36年ぶりの朝

虎竹の空


ふと、窓の外を見たら先生が歩きよりました。先生いうのは明徳中学の時に一年間だけ数学を習ったあの先生...。確かに、あの先生やないろうか?いや、間違いないぜよ、あの先生や。なんと、36年ぶりやきに、思わず走って追いかけたがです。それにしたち、先生は結構足が速いぞね。なかなか追いつけんかったけん。ワシは、ちょいワル雪駄を履いちゅうけんど、これがゴツイタイヤ底で結構重たい最高に格好はエイ雪駄やけんど運動には向いてないにゃあ...。けんど、赤信号でようやく話かける事ができたがです。


「安和の竹虎さんは、よう覚えちゅうよ」


今年で公立中学の教職を退職されるという先生。こじゃんと(とても)、懐かしいぜよ。綺麗な黒髪は、すっかり白髪になっちゅうけんど、あの日のままの眼差しちや。不思議やにゃあ、先生の前やったら。こんなおんちゃんのワシも、いつの間にやら何ちゃあ分かってなかった学生の頃に戻っちゃある。

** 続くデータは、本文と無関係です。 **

lemma extremal_tropical_dominating_card_ge:
  assumes "1 \<le> c" and "c - 1 \<le> s" and "s < n"
    and dom: "dominating {0..<n} (extremal_edge c s) D" and trop: "tropical (extremal_colour c) c D"
  shows "c + (n - Suc s) \<le> card D"
proof -
  have uniquely_coloured: "{0..<c - 1} \<subseteq> D"
  proof
    fix i assume "i \<in> {0..<c - 1}"
    then have "i + 2 \<in> extremal_colour c ` D" using trop unfolding tropical_def by auto
    then obtain d where "d \<in> D" "i + 2 = extremal_colour c d" by blast
    then show "i \<in> D" unfolding extremal_colour_def by (auto split: if_splits)
  qed
  have isolated: "{Suc s..<n} \<subseteq> D"
  proof
    fix i assume i: "i \<in> {Suc s..<n}"
    then have "i \<in> D \<or> (\<exists>u\<in>D. extremal_edge c s u i)" using dom unfolding dominating_def by auto
    moreover have "\<not> extremal_edge c s u i" for u using i unfolding extremal_edge_def by auto
    ultimately show "i \<in> D" by blast
  qed
  have "s \<in> D \<or> (\<exists>u\<in>D. extremal_edge c s u s)" using dom assms(3) unfolding dominating_def by auto
  then obtain z where z: "z \<in> D" "c - 1 \<le> z" "z \<le> s"
    using assms(2) unfolding extremal_edge_def by auto
  have "insert z {0..<c - 1} \<union> {Suc s..<n} \<subseteq> D"
    using uniquely_coloured isolated z by auto
  moreover have "finite D" using dom finite_subset unfolding dominating_def by blast
  ultimately have "card (insert z {0..<c - 1} \<union> {Suc s..<n}) \<le> card D"
    by (rule card_mono[rotated])
  then show ?thesis using card_insert_Un_intervals[OF assms(1) z(2,3)] by simp
qed

lemma extremal_trop_dom_number:
  assumes "1 \<le> c" and "c - 1 \<le> s" and "s < n"
  shows "trop_dom_number {0..<n} (extremal_edge c s) (extremal_colour c) c = c + (n - Suc s)"
  using extremal_optimal_set[OF assms] extremal_tropical_dominating_card_ge[OF assms]
  by (intro trop_dom_number_eqI) auto

theorem mainTheorem3:
  fixes n c k :: nat
  assumes "k > 0" and "c \<ge> 1"
  shows "(\<forall>(V :: 'a set) E col.
            simple_graph V E \<and> vertex_coloured V col c \<and> card V = n
            \<and> num_edges V E \<ge> ((n - k + c - 1) choose 2) + (n - k)
            \<and> int n > int k + int c - 2
            \<longrightarrow> trop_dom_number V E col c \<le> k)
       \<and> (k \<ge> c \<and> int n > int k + int c - 2 \<longrightarrow>
            (\<exists>(V :: nat set) E col.
               simple_graph V E \<and> vertex_coloured V col c \<and> card V = n
               \<and> num_edges V E = ((n - k + c - 1) choose 2) + (n - k)
               \<and> trop_dom_number V E col c = k))"
proof (intro conjI allI impI)
  fix V :: "'a set" and E col
  assume G: "simple_graph V E \<and> vertex_coloured V col c \<and> card V = n
    \<and> num_edges V E \<ge> ((n - k + c - 1) choose 2) + (n - k) \<and> int n > int k + int c - 2"
  then have "k + c \<le> n + 1" by linarith
  with G assms(2) show "trop_dom_number V E col c \<le> k"
    by (intro trop_dom_number_le_if_many_edges) auto
next
  assume "k \<ge> c \<and> int n > int k + int c - 2"
  then have "c \<le> k" and "k + c \<le> n + 1" by linarith+
  define s where "s = n - k + c - 1"
  have s: "1 \<le> c" "c - 1 \<le> s" "s < n" "s - (c - 1) = n - k" "c + (n - Suc s) = k"
    using assms(2) \<open>c \<le> k\<close> \<open>k + c \<le> n + 1\<close> unfolding s_def by linarith+
  show "\<exists>(V :: nat set) E col. simple_graph V E \<and> vertex_coloured V col c \<and> card V = n
          \<and> num_edges V E = ((n - k + c - 1) choose 2) + (n - k)
          \<and> trop_dom_number V E col c = k"
  proof (intro exI conjI)
    show "simple_graph {0..<n} (extremal_edge c s)" using s(3) by (rule extremal_simple_graph)
    show "vertex_coloured {0..<n} (extremal_colour c) c" using s(1-3) by (rule extremal_vertex_coloured)
    show "card {0..<n} = n" by simp
    show "num_edges {0..<n} (extremal_edge c s) = ((n - k + c - 1) choose 2) + (n - k)"
      using extremal_num_edges[OF s(3)] s(4) unfolding s_def by simp
    show "trop_dom_number {0..<n} (extremal_edge c s) (extremal_colour c) c = k"
      using extremal_trop_dom_number[OF s(1-3)] s(5) by simp
  qed
qed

先生に挨拶して別れて帰る道すがら、すれ違うやんちゃ坊主やった自分と同じ年頃の制服姿。「ああ、朝8時か。ちょうど登校時間やにゃあ」こんな普通の光景が何か新鮮ぜよ。そして、思うがです。笑いながら連れ立って自転車で学校に行きゆう若い彼らがワシと同じ歳になった時、高知はどうなっちゅうがやろう?久しぶりの恩師との再会に心温うなる高知やろうか?小さいかも知れんけんど、今しがた自分にあった、こんな嬉しい朝のひとときが、あっちでも、こっちでもいっつもある高知であるために、自分は何ができますろうか?自分は何のために生かされちゅうがやろう?自分しか出来ん事は決まっちゅうかえ?思いが真っ直ぐに定まったなら空の色やち違うて見えてくるきに。まっこと(本当に)人生は素晴らしいがぜよ。